[Stored records]
++++++++++++++++++++
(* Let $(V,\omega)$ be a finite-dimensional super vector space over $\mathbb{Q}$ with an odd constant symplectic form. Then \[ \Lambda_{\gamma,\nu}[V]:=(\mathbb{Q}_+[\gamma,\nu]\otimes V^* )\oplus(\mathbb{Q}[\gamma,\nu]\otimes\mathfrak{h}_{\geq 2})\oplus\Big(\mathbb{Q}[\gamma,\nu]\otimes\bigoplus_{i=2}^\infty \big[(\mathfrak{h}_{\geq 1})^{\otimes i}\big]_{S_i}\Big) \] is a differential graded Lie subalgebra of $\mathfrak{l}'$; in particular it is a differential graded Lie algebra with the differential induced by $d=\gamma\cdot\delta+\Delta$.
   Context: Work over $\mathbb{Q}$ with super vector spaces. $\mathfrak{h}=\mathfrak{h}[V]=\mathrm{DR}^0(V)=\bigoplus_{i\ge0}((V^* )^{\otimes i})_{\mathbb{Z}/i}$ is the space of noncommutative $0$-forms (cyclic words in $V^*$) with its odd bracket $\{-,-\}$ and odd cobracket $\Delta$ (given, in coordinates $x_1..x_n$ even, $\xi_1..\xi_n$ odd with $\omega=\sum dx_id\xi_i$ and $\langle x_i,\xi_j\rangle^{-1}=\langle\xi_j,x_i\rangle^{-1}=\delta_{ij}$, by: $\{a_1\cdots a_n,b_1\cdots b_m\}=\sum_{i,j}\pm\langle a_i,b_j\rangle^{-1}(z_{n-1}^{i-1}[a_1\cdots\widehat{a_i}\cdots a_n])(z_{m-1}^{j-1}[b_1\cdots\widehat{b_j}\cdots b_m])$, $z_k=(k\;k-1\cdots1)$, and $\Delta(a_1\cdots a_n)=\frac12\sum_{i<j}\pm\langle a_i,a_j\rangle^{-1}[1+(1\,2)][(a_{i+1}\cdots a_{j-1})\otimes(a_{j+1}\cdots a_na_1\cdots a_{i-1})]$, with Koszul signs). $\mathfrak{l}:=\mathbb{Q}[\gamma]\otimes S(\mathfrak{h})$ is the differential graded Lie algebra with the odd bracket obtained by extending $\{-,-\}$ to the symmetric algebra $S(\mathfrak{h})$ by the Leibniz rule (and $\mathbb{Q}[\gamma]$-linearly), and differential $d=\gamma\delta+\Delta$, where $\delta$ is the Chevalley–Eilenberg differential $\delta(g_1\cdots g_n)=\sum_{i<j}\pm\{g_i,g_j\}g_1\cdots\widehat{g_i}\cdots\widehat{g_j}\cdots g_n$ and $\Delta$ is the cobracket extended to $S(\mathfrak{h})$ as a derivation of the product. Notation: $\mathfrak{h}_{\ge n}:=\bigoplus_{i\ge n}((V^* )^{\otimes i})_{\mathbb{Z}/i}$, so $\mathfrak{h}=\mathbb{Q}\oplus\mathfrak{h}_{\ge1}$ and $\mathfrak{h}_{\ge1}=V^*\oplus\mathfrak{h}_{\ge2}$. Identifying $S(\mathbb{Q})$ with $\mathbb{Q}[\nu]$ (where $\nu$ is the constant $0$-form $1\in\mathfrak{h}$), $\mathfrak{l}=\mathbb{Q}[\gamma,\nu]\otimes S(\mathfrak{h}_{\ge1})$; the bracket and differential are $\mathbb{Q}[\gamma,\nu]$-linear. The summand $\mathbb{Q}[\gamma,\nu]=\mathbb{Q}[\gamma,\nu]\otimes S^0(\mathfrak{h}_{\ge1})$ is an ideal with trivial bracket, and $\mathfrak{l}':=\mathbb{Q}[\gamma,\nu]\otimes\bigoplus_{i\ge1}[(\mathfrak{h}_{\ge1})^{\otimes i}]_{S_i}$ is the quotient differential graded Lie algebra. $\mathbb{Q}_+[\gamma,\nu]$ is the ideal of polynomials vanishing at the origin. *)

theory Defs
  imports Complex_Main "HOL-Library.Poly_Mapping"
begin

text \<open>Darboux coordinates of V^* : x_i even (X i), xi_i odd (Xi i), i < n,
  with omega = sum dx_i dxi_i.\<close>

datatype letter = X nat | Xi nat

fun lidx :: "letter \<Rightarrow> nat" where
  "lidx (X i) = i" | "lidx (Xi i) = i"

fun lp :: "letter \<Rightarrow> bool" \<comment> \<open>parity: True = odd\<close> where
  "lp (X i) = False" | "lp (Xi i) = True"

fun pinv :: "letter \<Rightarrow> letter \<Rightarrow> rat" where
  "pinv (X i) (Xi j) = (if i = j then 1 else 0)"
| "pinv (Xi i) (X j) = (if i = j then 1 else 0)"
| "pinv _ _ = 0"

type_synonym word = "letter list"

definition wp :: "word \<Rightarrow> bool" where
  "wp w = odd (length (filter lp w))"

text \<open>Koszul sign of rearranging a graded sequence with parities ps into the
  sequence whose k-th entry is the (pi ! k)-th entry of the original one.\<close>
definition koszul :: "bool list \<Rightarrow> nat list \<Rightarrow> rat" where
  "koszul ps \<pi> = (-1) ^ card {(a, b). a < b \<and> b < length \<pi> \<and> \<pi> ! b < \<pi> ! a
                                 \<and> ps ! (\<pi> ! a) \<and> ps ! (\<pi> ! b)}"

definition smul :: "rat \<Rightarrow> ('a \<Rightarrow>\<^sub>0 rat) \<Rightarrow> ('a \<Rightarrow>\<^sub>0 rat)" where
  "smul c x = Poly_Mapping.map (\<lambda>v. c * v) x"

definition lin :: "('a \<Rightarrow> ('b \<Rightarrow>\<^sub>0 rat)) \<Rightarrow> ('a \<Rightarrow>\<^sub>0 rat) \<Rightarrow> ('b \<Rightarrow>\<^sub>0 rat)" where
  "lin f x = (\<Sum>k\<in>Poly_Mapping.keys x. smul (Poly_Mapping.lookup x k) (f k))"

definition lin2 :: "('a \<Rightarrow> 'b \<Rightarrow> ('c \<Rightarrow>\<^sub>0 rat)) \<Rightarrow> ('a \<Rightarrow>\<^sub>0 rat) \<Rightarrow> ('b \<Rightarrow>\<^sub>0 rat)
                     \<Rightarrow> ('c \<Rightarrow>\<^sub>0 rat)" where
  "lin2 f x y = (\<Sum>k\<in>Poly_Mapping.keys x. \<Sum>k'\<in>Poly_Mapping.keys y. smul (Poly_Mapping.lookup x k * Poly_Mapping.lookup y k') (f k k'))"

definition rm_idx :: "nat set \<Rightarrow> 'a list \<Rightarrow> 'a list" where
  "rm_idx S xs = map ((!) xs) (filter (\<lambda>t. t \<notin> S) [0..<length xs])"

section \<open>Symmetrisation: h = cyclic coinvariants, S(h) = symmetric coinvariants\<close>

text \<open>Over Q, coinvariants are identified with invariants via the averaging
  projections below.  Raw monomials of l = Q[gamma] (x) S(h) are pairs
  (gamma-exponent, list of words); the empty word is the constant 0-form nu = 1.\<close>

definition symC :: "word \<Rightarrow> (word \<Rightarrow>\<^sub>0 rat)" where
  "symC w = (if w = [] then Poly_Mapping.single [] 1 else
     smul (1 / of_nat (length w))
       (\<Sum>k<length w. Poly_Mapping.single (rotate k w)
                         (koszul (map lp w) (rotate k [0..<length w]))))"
++++++++++++++++++++
▶ [How to complete this task]
Show the lines above with "smul".

▶ [Response to the task]
definition smul :: "rat \<Rightarrow> ('a \<Rightarrow>\<^sub>0 rat) \<Rightarrow> ('a \<Rightarrow>\<^sub>0 rat)" where
  "smul c x = Poly_Mapping.map (\<lambda>v. c * v) x"
  "lin f x = (\<Sum>k\<in>Poly_Mapping.keys x. smul (Poly_Mapping.lookup x k) (f k))"
  "lin2 f x y = (\<Sum>k\<in>Poly_Mapping.keys x. \<Sum>k'\<in>Poly_Mapping.keys y. smul (Poly_Mapping.lookup x k * Poly_Mapping.lookup y k') (f k k'))"
     smul (1 / of_nat (length w))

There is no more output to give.